# frag difference



## Tman (Mar 9, 2015)

What would have better results with:

HGH 176-191

Ghrp-2

Ghrp-6

Just curious the difference between them : I'm currently running 
Generic HGH .. I get the numbness in hands an very crazy dreams ... running 4 iu ed been on for 12/1/14..


----------



## TriniJuice (Mar 9, 2015)

I like using sticky frags,
Wait sorry, thinking Call of Duty
Carry on.....


----------



## mickems (Mar 9, 2015)

Sorry, I don't know much about frags. I'm hetero.


----------



## Fsuphisig (Mar 9, 2015)

I like 2 over 6 but never tried the frag


----------



## Tman (Mar 10, 2015)

Fsuphisig said:


> I like 2 over 6 but never tried the frag



What kind of result did you experience?  I'm a try maxim pep. But what size vial is a single one ? I know it's 5mg


----------



## curtisvill (Mar 10, 2015)

I would continue to use the HGH, but perhaps drop to 3ius ed to help mitigate the sides.  Did you start at 4ius or did you start lower and slowly ramp up the dosage?  I think people often times start their dosage to high when a lower starting dose and ramping it up over time seems to work better in my experience.

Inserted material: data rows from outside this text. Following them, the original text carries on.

lemma gen_contains_path3_diff_edge:
  assumes "simple_graph E" "{x, y} \<in> E"
    and "B \<in> (\<lambda>z. {z}) ` edge_nbhd E x y \<union> path3_sets (del_verts E (edge_cnbhd E x y))"
  shows "\<exists>P\<in>path3_sets E. P - {x, y} \<subseteq> B"
proof -
  from assms(3) consider (x_side) z where "B = {z}" "{x, z} \<in> E" "z \<noteq> y"
    | (y_side) z where "B = {z}" "{y, z} \<in> E" "z \<noteq> x"
    | (path) a b c where "B = {a, b, c}" "is_3path (del_verts E (edge_cnbhd E x y)) a b c"
    by (auto simp: edge_nbhd_def nbhd_def path3_sets_def)
  then show ?thesis
  proof cases
    case x_side
    moreover have "{y, x} \<in> E"
      using assms(2) by (simp add: insert_commute)
    ultimately have "is_3path E y x z"
      using simple_graph_edge_neq[OF assms(1)] unfolding is_3path_def by blast
    moreover have "{y, x, z} - {x, y} = B"
      using x_side simple_graph_edge_neq[OF assms(1), of x z] by auto
    ultimately show ?thesis
      by (metis path3_setsI subset_refl)
  next
    case y_side
    then have "is_3path E x y z"
      using assms simple_graph_edge_neq[OF assms(1)] unfolding is_3path_def by blast
    moreover have "{x, y, z} - {x, y} = B"
      using y_side simple_graph_edge_neq[OF assms(1), of y z] by auto
    ultimately show ?thesis
      by (metis path3_setsI subset_refl)
  next
    case path
    then have "is_3path E a b c" "{a, b, c} - {x, y} = B"
      by (auto simp: is_3path_del_verts edge_cnbhd_eq)
    then show ?thesis
      by (metis path3_setsI subset_refl)
  qed
qed

lemma colon_I3_edge:
  assumes "simple_graph E" and "{x, y} \<in> E"
  shows "colon (I3 E :: ('v, 'k::comm_ring_1) mpoly set) (Var x * Var y)
           = ideal_sum (ideal_gen (Var ` edge_nbhd E x y)) (I3 (del_verts E (edge_cnbhd E x y)))"
proof -
  let ?N = "edge_nbhd E x y" and ?E' = "del_verts E (edge_cnbhd E x y)"
  have "x \<noteq> y"
    using assms by (rule simple_graph_edge_neq)
  have "colon (I3 E :: ('v, 'k) mpoly set) (Var x * Var y)
      = colon (sqfree_ideal (path3_sets E)) (monom (sqfree {x, y}))"
    by (simp only: I3_eq_sqfree_ideal Var_mult_Var[OF \<open>x \<noteq> y\<close>])
  also have "\<dots> = sqfree_ideal ((\<lambda>P. P - {x, y}) ` path3_sets E)"
    by (rule colon_sqfree_ideal) (auto simp: finite_path3_sets)
  also have "\<dots> = sqfree_ideal ((\<lambda>z. {z}) ` ?N \<union> path3_sets ?E')"
  proof (rule sqfree_ideal_eqI)
    fix A assume "A \<in> (\<lambda>P. P - {x, y}) ` path3_sets E"
    then obtain a b c where "A = {a, b, c} - {x, y}" "is_3path E a b c"
      by (auto simp: path3_sets_def)
    then show "\<exists>B\<in>(\<lambda>z. {z}) ` ?N \<union> path3_sets ?E'. B \<subseteq> A"
      using path3_diff_edge_contains_gen[OF assms] by simp
  next
    fix B assume "B \<in> (\<lambda>z. {z}) ` ?N \<union> path3_sets ?E'"
    then obtain P where "P \<in> path3_sets E" "P - {x, y} \<subseteq> B"
      using gen_contains_path3_diff_edge[OF assms] by blast
    then show "\<exists>A\<in>(\<lambda>P. P - {x, y}) ` path3_sets E. A \<subseteq> B"
      by blast
  qed (auto simp: finite_path3_sets)
  also have "\<dots> = ideal_sum (ideal_gen (Var ` ?N)) (I3 ?E')"
    by (simp add: ideal_gen_Var_image I3_eq_sqfree_ideal ideal_sum_sqfree_ideal)
  finally show ?thesis .
qed

lemma nbhd_edge_or_complete_edge:
  assumes "simple_graph E" "{u, w} \<in> E" "u \<in> nbhd E x" "x \<notin> {u, w}" "y \<notin> {u, w}"
  shows "{u, w} \<in> nbhd_edge E x \<union> complete_edges (nbhd E x - {y})"
proof (cases "w \<in> nbhd E x")
  case True
  then show ?thesis
    unfolding complete_edges_def using assms simple_graph_edge_neq[OF assms(1,2)] by blast
next
  case False
  then have "is_3path E x u w"
    unfolding is_3path_def using assms simple_graph_edge_neq[OF assms(1,2)] by (simp add: nbhd_def)
  then show ?thesis
    using assms(2) by (auto simp: nbhd_edge_def)
qed

lemma simple_graph_nbhd_edge_Un_complete_edges:
  "simple_graph (nbhd_edge E x \<union> complete_edges W)"
  by (auto simp: simple_graph_def nbhd_edge_def complete_edges_def is_3path_def)

text \<open>Either \<open>x\<close> is the middle vertex, or some path edge avoiding \<open>x\<close> has an end in \<open>N(x)\<close>
  and so is an edge of \<open>H\<close>, or the path avoids \<open>N[x]\<close>.\<close>

lemma path3_diff_vertex_contains_gen:
  assumes "simple_graph E" "is_3path E a b c" "y \<notin> {a, b, c}"
  shows "\<exists>B\<in>nbhd_edge E x \<union> complete_edges (nbhd E x - {y}) \<union> path3_sets (del_verts E (cnbhd E x)).
           B \<subseteq> {a, b, c} - {x}"
proof -
  let ?H = "nbhd_edge E x \<union> complete_edges (nbhd E x - {y})"
  let ?\<B> = "?H \<union> path3_sets (del_verts E (cnbhd E x))"
  have edges: "{a, b} \<in> E" "{b, a} \<in> E" "{b, c} \<in> E" "{c, b} \<in> E"
    using assms(2) by (auto simp: is_3path_def insert_commute)
  have via_edge: "\<exists>B\<in>?\<B>. B \<subseteq> {a, b, c} - {x}"
    if "{u, w} \<in> E" "{u, w} \<subseteq> {a, b, c}" "u \<in> nbhd E x" "x \<notin> {u, w}" for u w
  proof -
    have "{u, w} \<in> ?H"
      using nbhd_edge_or_complete_edge[OF assms(1) that(1,3,4)] that(2) assms(3) by blast
    moreover have "{u, w} \<subseteq> {a, b, c} - {x}"
      using that(2,4) by blast
    ultimately show ?thesis by blast
  qed
  show ?thesis
  proof (cases "b = x")
    case True
    then have "{a, c} \<in> complete_edges (nbhd E x - {y})"
      using edges assms(2,3) unfolding complete_edges_def is_3path_def nbhd_def by blast
    moreover have "{a, b, c} - {x} = {a, c}"
      using True assms(2) by (auto simp: is_3path_def)
    ultimately show ?thesis by blast
  next
    case False
    have "(a \<in> nbhd E x \<and> x \<notin> {a, b}) \<or> (b \<in> nbhd E x \<and> x \<notin> {a, b})
        \<or> (b \<in> nbhd E x \<and> x \<notin> {b, c}) \<or> (c \<in> nbhd E x \<and> x \<notin> {b, c})
        \<or> {a, b, c} \<inter> cnbhd E x = {}"
      using False edges assms(2) by (auto simp: is_3path_def cnbhd_def nbhd_def)
    then show ?thesis
    proof (elim disjE)
      assume "{a, b, c} \<inter> cnbhd E x = {}"
      then have "{a, b, c} \<in> path3_sets (del_verts E (cnbhd E x))" "{a, b, c} - {x} = {a, b, c}"
        using assms(2) by (auto simp: is_3path_del_verts cnbhd_def intro: path3_setsI)
      then show ?thesis by (metis UnI2 subset_refl)
    qed (use via_edge edges in auto)
  qed
qed

lemma gen_contains_path3_diff_vertex:
  assumes "simple_graph E" "x \<noteq> y"
    and "B \<in> {{y}} \<union> (nbhd_edge E x \<union> complete_edges (nbhd E x - {y}))
              \<union> path3_sets (del_verts E (cnbhd E x))"
  shows "\<exists>P\<in>path3_sets E \<union> {{x, y}}. P - {x} \<subseteq> B"
proof -
  have cover: "\<exists>P\<in>path3_sets E \<union> {{x, y}}. P - {x} \<subseteq> B"
    if "P \<in> path3_sets E \<union> {{x, y}}" "P - {x} = B" for P
    using that by blast
  from assms(3) consider (vertex) "B = {y}"
    | (nbhd_edge) a b where "B = {a, b}" "is_3path E x a b"
    | (complete) a b where "B = {a, b}" "{x, a} \<in> E" "{x, b} \<in> E" "a \<noteq> b"
    | (path) a b c where "B = {a, b, c}" "is_3path (del_verts E (cnbhd E x)) a b c"
    by (auto simp: nbhd_edge_def complete_edges_def nbhd_def path3_sets_def)
  then show ?thesis
  proof cases
    case vertex
    then show ?thesis
      using assms(2) by (intro cover[of "{x, y}"]) auto
  next
    case nbhd_edge
    then show ?thesis
      by (intro cover[of "{x, a, b}"]) (auto simp: is_3path_def intro: path3_setsI)
  next
    case complete
    then have "is_3path E a x b"
      using simple_graph_edge_neq[OF assms(1)] by (auto simp: is_3path_def insert_commute)
    then show ?thesis
      using complete simple_graph_edge_neq[OF assms(1)]
      by (intro cover[of "{a, x, b}"]) (auto intro: path3_setsI)
  next
    case path
    then show ?thesis
      by (intro cover[of "{a, b, c}"]) (auto simp: is_3path_del_verts cnbhd_def intro: path3_setsI)
  qed
qed

lemma colon_I3_plus_edge_Var:
  assumes "simple_graph E" and "{x, y} \<in> E"
  shows "colon (ideal_sum (I3 E :: ('v, 'k::comm_ring_1) mpoly set) (ideal_gen {Var x * Var y})) (Var x)
           = ideal_sum (ideal_sum (ideal_gen {Var y})
                                  (I2 (nbhd_edge E x \<union> complete_edges (nbhd E x - {y}))))
                       (I3 (del_verts E (cnbhd E x)))"
proof -
  let ?H = "nbhd_edge E x \<union> complete_edges (nbhd E x - {y})" and ?E' = "del_verts E (cnbhd E x)"
  let ?\<A> = "path3_sets E \<union> {{x, y}}"
  have "x \<noteq> y"
    using assms by (rule simple_graph_edge_neq)
  have "colon (ideal_sum (I3 E) (ideal_gen {Var x * Var y})) (Var x)
      = colon (sqfree_ideal ?\<A> :: ('v, 'k) mpoly set) (monom (sqfree {x}))"
    unfolding I3_eq_sqfree_ideal ideal_gen_Var_mult_Var[OF \<open>x \<noteq> y\<close>] ideal_sum_sqfree_ideal
    by (simp only: Var_eq_monom_sqfree)
  also have "\<dots> = sqfree_ideal ((\<lambda>P. P - {x}) ` ?\<A>)"
    by (rule colon_sqfree_ideal) (auto simp: finite_path3_sets)
  also have "\<dots> = sqfree_ideal ({{y}} \<union> ?H \<union> path3_sets ?E')"
  proof (rule sqfree_ideal_eqI)
    fix A assume "A \<in> (\<lambda>P. P - {x}) ` ?\<A>"
    then consider (contains_y) "y \<in> A"
      | (avoids_y) a b c where "A = {a, b, c} - {x}" "is_3path E a b c" "y \<notin> {a, b, c}"
      using \<open>x \<noteq> y\<close> by (auto simp: path3_sets_def)
    then show "\<exists>B\<in>{{y}} \<union> ?H \<union> path3_sets ?E'. B \<subseteq> A"
    proof cases
      case contains_y
      then show ?thesis by (intro bexI[of _ "{y}"]) auto
    next
      case avoids_y
      show ?thesis
        using path3_diff_vertex_contains_gen[OF assms(1) avoids_y(2,3), of x] avoids_y(1) by blast
    qed
  next
    fix B assume "B \<in> {{y}} \<union> ?H \<union> path3_sets ?E'"
    then obtain P where "P \<in> ?\<A>" "P - {x} \<subseteq> B"
      using gen_contains_path3_diff_vertex[OF assms(1) \<open>x \<noteq> y\<close>] by blast
    then show "\<exists>A\<in>(\<lambda>P. P - {x}) ` ?\<A>. A \<subseteq> B"
      by blast
  qed (auto simp: finite_path3_sets nbhd_edge_def complete_edges_def)
  also have "\<dots> = ideal_sum (ideal_sum (ideal_gen {Var y}) (I2 ?H)) (I3 ?E')"
    by (simp only: ideal_gen_Var I2_eq_sqfree_ideal[OF simple_graph_nbhd_edge_Un_complete_edges]
        I3_eq_sqfree_ideal ideal_sum_sqfree_ideal)
  finally show ?thesis .
qed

I would personally use MOD GRF and GHRP-2, unless you wanted the appetite the sub the 6 for the 2.  I would also follow the below protocol.

First dose - 100mcg of MOD GRF and GHRP upon waking up.

Second dose -100mcg of MOD GRF and GHRP post workout, followed 30 min later by your HGH

Third dose - 100mcg of MOD GRF and GHRP pre bed.


----------



## Tman (Mar 10, 2015)

curtisvill said:


> I would continue to use the HGH, but perhaps drop to 3ius ed to help mitigate the sides.  Did you start at 4ius or did you start lower and slowly ramp up the dosage?  I think people often times start their dosage to high when a lower starting dose and ramping it up over time seems to work better in my experience.
> 
> I would personally use MOD GRF and GHRP-2, unless you wanted the appetite the sub the 6 for the 2.  I would also follow the below protocol.
> 
> ...



I start at 2 iu then ramp up 2 more after a month.. what's mod grf? Hell I eat a lot already...


----------



## Tman (Mar 10, 2015)

curtisvill said:


> I would continue to use the HGH, but perhaps drop to 3ius ed to help mitigate the sides.  Did you start at 4ius or did you start lower and slowly ramp up the dosage?  I think people often times start their dosage to high when a lower starting dose and ramping it up over time seems to work better in my experience.
> 
> I would personally use MOD GRF and GHRP-2, unless you wanted the appetite the sub the 6 for the 2.  I would also follow the below protocol.
> 
> ...



OK just checked it out cjc_1295 what is the difference with dac or without?


----------



## curtisvill (Mar 10, 2015)

Tman said:


> OK just checked it out cjc_1295 what is the difference with dac or without?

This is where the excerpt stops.